lemma path_extend:
  assumes p: "path (Suc j) K rs ss" and j: "1 \<le> j" "Suc j \<le> K"
    and s: "s \<in> {1..\<kappa> (Suc j) (rs (Suc j))}"
  obtains i where "path j K (rs(j := i)) (ss(Suc j := s))"
    "path_map \<sigma> j K (rs(j := i)) (ss(Suc j := s)) = \<sigma> (Suc j) (rs (Suc j)) s \<circ> path_map \<sigma> (Suc j) K rs ss"
proof -
  obtain i where i: "i \<in> {1..m j}" "\<sigma> (Suc j) (rs (Suc j)) s ` B (Suc j) (rs (Suc j)) \<subseteq> B j i"
    using sigma_maps_into[OF j(1) _ s] p by (auto simp: path_def)
  have "path j K (rs(j := i)) (ss(Suc j := s))"
    unfolding path_def
  proof (intro conjI allI impI)
    fix l assume l: "j < l \<and> l \<le> K"
    then consider "l = Suc j" | "Suc j < l" "l - 1 \<noteq> j"
      by linarith
    then show "(rs(j := i)) l \<in> {1..m l}" "(ss(Suc j := s)) l \<in> {1..\<kappa> l ((rs(j := i)) l)}"
      "\<sigma> l ((rs(j := i)) l) ((ss(Suc j := s)) l) ` B l ((rs(j := i)) l) \<subseteq> B (l - 1) ((rs(j := i)) (l - 1))"
      by (cases; use p i s path_step[OF p, of l] l in \<open>simp add: path_def\<close>)+
  qed (use i in simp)
  moreover have "path_map \<sigma> j K (rs(j := i)) (ss(Suc j := s)) =
      \<sigma> (Suc j) (rs (Suc j)) s \<circ> path_map \<sigma> (Suc j) K rs ss"
    using path_map_Suc_left[of j K \<sigma> "rs(j := i)" "ss(Suc j := s)"]
      path_map_cong[of "Suc j" K "rs(j := i)" rs "ss(Suc j := s)" ss \<sigma>] j by simp
  ultimately show thesis
    using that by blast
qed

lemma path_lower:
  assumes "path j K rs ss" "1 \<le> i" "i \<le> j" "j \<le> K"
  shows "\<exists>rs' ss'. path i K rs' ss' \<and> rs' K = rs K \<and>
           (\<forall>x\<in>B K (rs K). path_map \<sigma> i K rs' ss' x = path_map \<sigma> j K rs ss x)"
  using assms(3,1)
proof (induction j arbitrary: rs ss rule: dec_induct)
  case base
  then show ?case by blast
next
  case (step j)
  have j: "1 \<le> j" "Suc j \<le> K"
    using step.hyps assms(2,4) by auto
  have "1 \<in> {1..\<kappa> (Suc j) (rs (Suc j))}"
    using step.prems kappa_pos[of "Suc j" "rs (Suc j)"] by (simp add: path_def)
  then obtain i' where p: "path j K (rs(j := i')) (ss(Suc j := 1))"
    and eq: "path_map \<sigma> j K (rs(j := i')) (ss(Suc j := 1)) = \<sigma> (Suc j) (rs (Suc j)) 1 \<circ> path_map \<sigma> (Suc j) K rs ss"
    using path_extend[OF step.prems j] by blast
  have eq_on_B: "path_map \<sigma> j K (rs(j := i')) (ss(Suc j := 1)) x = path_map \<sigma> (Suc j) K rs ss x"
    if "x \<in> B K (rs K)" for x
    using eq cond_i[of "Suc j"] path_map_mem[OF step.prems j(2) that] step.prems
    by (simp add: path_def)
  have "(rs(j := i')) K = rs K"
    using j by simp
  obtain rs' ss' where "path i K rs' ss'" "rs' K = rs K"
    "\<forall>x\<in>B K (rs K). path_map \<sigma> i K rs' ss' x = path_map \<sigma> j K (rs(j := i')) (ss(Suc j := 1)) x"
    using step.IH[OF p] \<open>(rs(j := i')) K = rs K\<close> by metis
  then show ?case
    using eq_on_B by auto
qed

lemma path_image_tau_block:
  assumes "path n K rs ss" "1 \<le> n" "n \<le> K"
  obtains RS SS where "admissible m B \<kappa> \<sigma> K RS SS" "RS K = rs K"
    "\<And>x. x \<in> B K (rs K) \<Longrightarrow> tau_comp \<sigma> K RS SS x = path_map \<sigma> n K rs ss x"
proof -
  obtain RS ss' where p: "path 1 K RS ss'" "RS K = rs K"
    and eq: "\<And>x. x \<in> B K (rs K) \<Longrightarrow> path_map \<sigma> 1 K RS ss' x = path_map \<sigma> n K rs ss x"
    using path_lower[OF assms(1) _ assms(2,3)] by auto
  define SS where "SS = ss'(1 := 1)"
  have p': "path 1 K RS SS"
    using p(1) by (simp add: path_def SS_def)
  have "admissible m B \<kappa> \<sigma> K RS SS"
    unfolding admissible_def
  proof (intro conjI ballI)
    fix l assume "l \<in> {1..K}"
    then show "RS l \<in> {1..m l}" "SS l \<in> {1..\<kappa> l (RS l)}"
      using p' kappa_pos[of 1 "RS 1"] by (cases "l = 1"; auto simp: path_def SS_def)+
  next
    fix l assume "l \<in> {2..K}"
    then show "\<sigma> l (RS l) (SS l) ` B l (RS l) \<subseteq> B (l - 1) (RS (l - 1))"
      using p' by (auto simp: path_def)
  qed
  moreover have "tau_comp \<sigma> K RS SS x = path_map \<sigma> n K rs ss x" if x: "x \<in> B K (rs K)" for x
  proof -
    have "tau_comp \<sigma> K RS SS = \<sigma> 1 (RS 1) 1 \<circ> path_map \<sigma> 1 K RS ss'"
      using path_map_trans[of 0 1 K \<sigma> RS SS] path_map_cong[of 1 K RS RS SS ss' \<sigma>] assms
      by (simp add: tau_comp_eq_path_map SS_def)
    moreover have "path_map \<sigma> 1 K RS ss' x \<in> B 1 (RS 1)"
      using path_map_mem[OF p(1)] x p(2) assms by simp
    ultimately show ?thesis
      using cond_i[of 1 "RS 1"] p(1) eq[OF x] by (simp add: path_def)
  qed
  ultimately show thesis
    using that p(2) by blast
qed

lemma tau_comp_inj:
  assumes "admissible m B \<kappa> \<sigma> K rs ss" "admissible m B \<kappa> \<sigma> K rs' ss'"
    and "x \<in> BB B K (rs K)" "x' \<in> BB B K (rs' K)"
    and "tau_comp \<sigma> K rs ss x = tau_comp \<sigma> K rs' ss' x'"
  shows "x = x' \<and> (\<forall>i\<in>{1..K}. rs i = rs' i \<and> ss i = ss' i)"
  using assms
proof (induction K arbitrary: x x')
  case 0
  then show ?case by simp
next
  case (Suc K)
  define r s r' s' where "r = rs (Suc K)" "s = ss (Suc K)" "r' = rs' (Suc K)" "s' = ss' (Suc K)"
  have ranges: "r \<in> {1..m (Suc K)}" "s \<in> {1..\<kappa> (Suc K) r}" "r' \<in> {1..m (Suc K)}" "s' \<in> {1..\<kappa> (Suc K) r'}"
    using Suc.prems(1,2) unfolding admissible_def r_s_r'_s'_def by auto
  have x: "x \<in> B (Suc K) r" "x' \<in> B (Suc K) r'"
    using Suc.prems(3,4) by (simp_all add: BB_def r_s_r'_s'_def)
  have into: "\<sigma> (Suc K) (rs (Suc K)) (ss (Suc K)) ` B (Suc K) (rs (Suc K)) \<subseteq> BB B K (rs K)"
    if "admissible m B \<kappa> \<sigma> (Suc K) rs ss" for rs ss
    using admissible_step[OF that, of "Suc K"] by (cases "K = 0") (auto simp: BB_def)
  have IH: "\<sigma> (Suc K) r s x = \<sigma> (Suc K) r' s' x' \<and> (\<forall>i\<in>{1..K}. rs i = rs' i \<and> ss i = ss' i)"
  proof (rule Suc.IH)
    show "admissible m B \<kappa> \<sigma> K rs ss" "admissible m B \<kappa> \<sigma> K rs' ss'"
      using admissible_mono[OF Suc.prems(1), of K] admissible_mono[OF Suc.prems(2), of K] by simp_all
    show "\<sigma> (Suc K) r s x \<in> BB B K (rs K)" "\<sigma> (Suc K) r' s' x' \<in> BB B K (rs' K)"
      using into[OF Suc.prems(1)] into[OF Suc.prems(2)] x unfolding r_s_r'_s'_def by auto
    show "tau_comp \<sigma> K rs ss (\<sigma> (Suc K) r s x) = tau_comp \<sigma> K rs' ss' (\<sigma> (Suc K) r' s' x')"
      using Suc.prems(5) by (simp add: r_s_r'_s'_def)
  qed
  have "(r, s) = (r', s')"
  proof (rule ccontr)
    assume "(r, s) \<noteq> (r', s')"
    with ranges have "\<sigma> (Suc K) r s ` B (Suc K) r \<inter> \<sigma> (Suc K) r' s' ` B (Suc K) r' = {}"
      by (intro cond_iii_disj) simp_all
    then show False
      using IH x by blast
  qed
  then have "x = x'"
    using IH x sigma_inj_on[of "Suc K" r s] ranges by (auto dest: inj_onD)
  then show ?case
    using IH \<open>(r, s) = (r', s')\<close> by (auto simp: r_s_r'_s'_def le_Suc_eq)
qed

--------------------

__Your assignment__:
Give back the records word for word. Start at the first line, end at the line containing "j := s)) l \<in>", and include both.

__Solution for this exercise__:
lemma path_extend:
  assumes p: "path (Suc j) K rs ss" and j: "1 \<le> j" "Suc j \<le> K"
    and s: "s \<in> {1..\<kappa> (Suc j) (rs (Suc j))}"
  obtains i where "path j K (rs(j := i)) (ss(Suc j := s))"
    "path_map \<sigma> j K (rs(j := i)) (ss(Suc j := s)) = \<sigma> (Suc j) (rs (Suc j)) s \<circ> path_map \<sigma> (Suc j) K rs ss"
proof -
  obtain i where i: "i \<in> {1..m j}" "\<sigma> (Suc j) (rs (Suc j)) s ` B (Suc j) (rs (Suc j)) \<subseteq> B j i"
    using sigma_maps_into[OF j(1) _ s] p by (auto simp: path_def)
  have "path j K (rs(j := i)) (ss(Suc j := s))"
    unfolding path_def
  proof (intro conjI allI impI)
    fix l assume l: "j < l \<and> l \<le> K"
    then consider "l = Suc j" | "Suc j < l" "l - 1 \<noteq> j"
      by linarith
    then show "(rs(j := i)) l \<in> {1..m l}" "(ss(Suc j := s)) l \<in> {1..\<kappa> l ((rs(j := i)) l)}"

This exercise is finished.